(Stored items)
________________________

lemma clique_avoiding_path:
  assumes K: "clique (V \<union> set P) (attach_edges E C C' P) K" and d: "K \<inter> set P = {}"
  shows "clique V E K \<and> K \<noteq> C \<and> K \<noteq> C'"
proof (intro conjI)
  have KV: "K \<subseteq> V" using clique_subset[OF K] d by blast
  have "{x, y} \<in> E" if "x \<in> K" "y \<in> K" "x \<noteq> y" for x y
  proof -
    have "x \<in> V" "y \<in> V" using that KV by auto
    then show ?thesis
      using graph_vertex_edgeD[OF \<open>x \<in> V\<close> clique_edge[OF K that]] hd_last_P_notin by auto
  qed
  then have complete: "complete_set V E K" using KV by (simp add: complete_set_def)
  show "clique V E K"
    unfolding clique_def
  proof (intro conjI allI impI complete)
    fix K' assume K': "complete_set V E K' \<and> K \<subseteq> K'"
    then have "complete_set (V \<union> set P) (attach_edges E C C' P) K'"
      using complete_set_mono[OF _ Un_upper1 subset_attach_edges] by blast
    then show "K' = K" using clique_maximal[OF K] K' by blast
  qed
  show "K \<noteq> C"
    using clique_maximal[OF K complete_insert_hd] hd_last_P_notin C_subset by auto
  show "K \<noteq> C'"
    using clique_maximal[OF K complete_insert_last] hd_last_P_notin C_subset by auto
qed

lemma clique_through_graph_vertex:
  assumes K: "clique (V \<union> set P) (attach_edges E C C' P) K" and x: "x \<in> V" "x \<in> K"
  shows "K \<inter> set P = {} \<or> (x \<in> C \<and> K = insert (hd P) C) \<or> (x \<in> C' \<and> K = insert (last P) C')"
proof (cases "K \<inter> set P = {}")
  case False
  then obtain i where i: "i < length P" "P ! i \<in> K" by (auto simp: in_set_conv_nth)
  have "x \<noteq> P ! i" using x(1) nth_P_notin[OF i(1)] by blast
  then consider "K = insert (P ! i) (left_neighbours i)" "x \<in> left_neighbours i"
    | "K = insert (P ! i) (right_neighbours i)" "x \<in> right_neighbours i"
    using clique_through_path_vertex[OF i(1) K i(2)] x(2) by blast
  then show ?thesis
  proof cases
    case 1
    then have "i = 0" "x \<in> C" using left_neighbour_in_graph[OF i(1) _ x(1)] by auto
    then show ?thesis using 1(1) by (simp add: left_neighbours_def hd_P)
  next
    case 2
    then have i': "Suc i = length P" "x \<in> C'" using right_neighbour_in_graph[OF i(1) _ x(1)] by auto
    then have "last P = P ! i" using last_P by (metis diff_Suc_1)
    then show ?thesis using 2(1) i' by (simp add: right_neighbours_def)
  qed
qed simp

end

________________________

## WHAT THE EXERCISE ASKS
Restate word for word the lines above, beginning with the one that contains "then obtain i" and ending with the last line.

## REPLY TO THE TASK
  then obtain i where i: "i < length P" "P ! i \<in> K" by (auto simp: in_set_conv_nth)
  have "x \<noteq> P ! i" using x(1) nth_P_notin[OF i(1)] by blast
  then consider "K = insert (P ! i) (left_neighbours i)" "x \<in> left_neighbours i"
    | "K = insert (P ! i) (right_neighbours i)" "x \<in> right_neighbours i"
    using clique_through_path_vertex[OF i(1) K i(2)] x(2) by blast
  then show ?thesis
  proof cases
    case 1
    then have "i = 0" "x \<in> C" using left_neighbour_in_graph[OF i(1) _ x(1)] by auto
    then show ?thesis using 1(1) by (simp add: left_neighbours_def hd_P)
  next
    case 2
    then have i': "Suc i = length P" "x \<in> C'" using right_neighbour_in_graph[OF i(1) _ x(1)] by auto
    then have "last P = P ! i" using last_P by (metis diff_Suc_1)
    then show ?thesis using 2(1) i' by (simp add: right_neighbours_def)
  qed
qed simp

end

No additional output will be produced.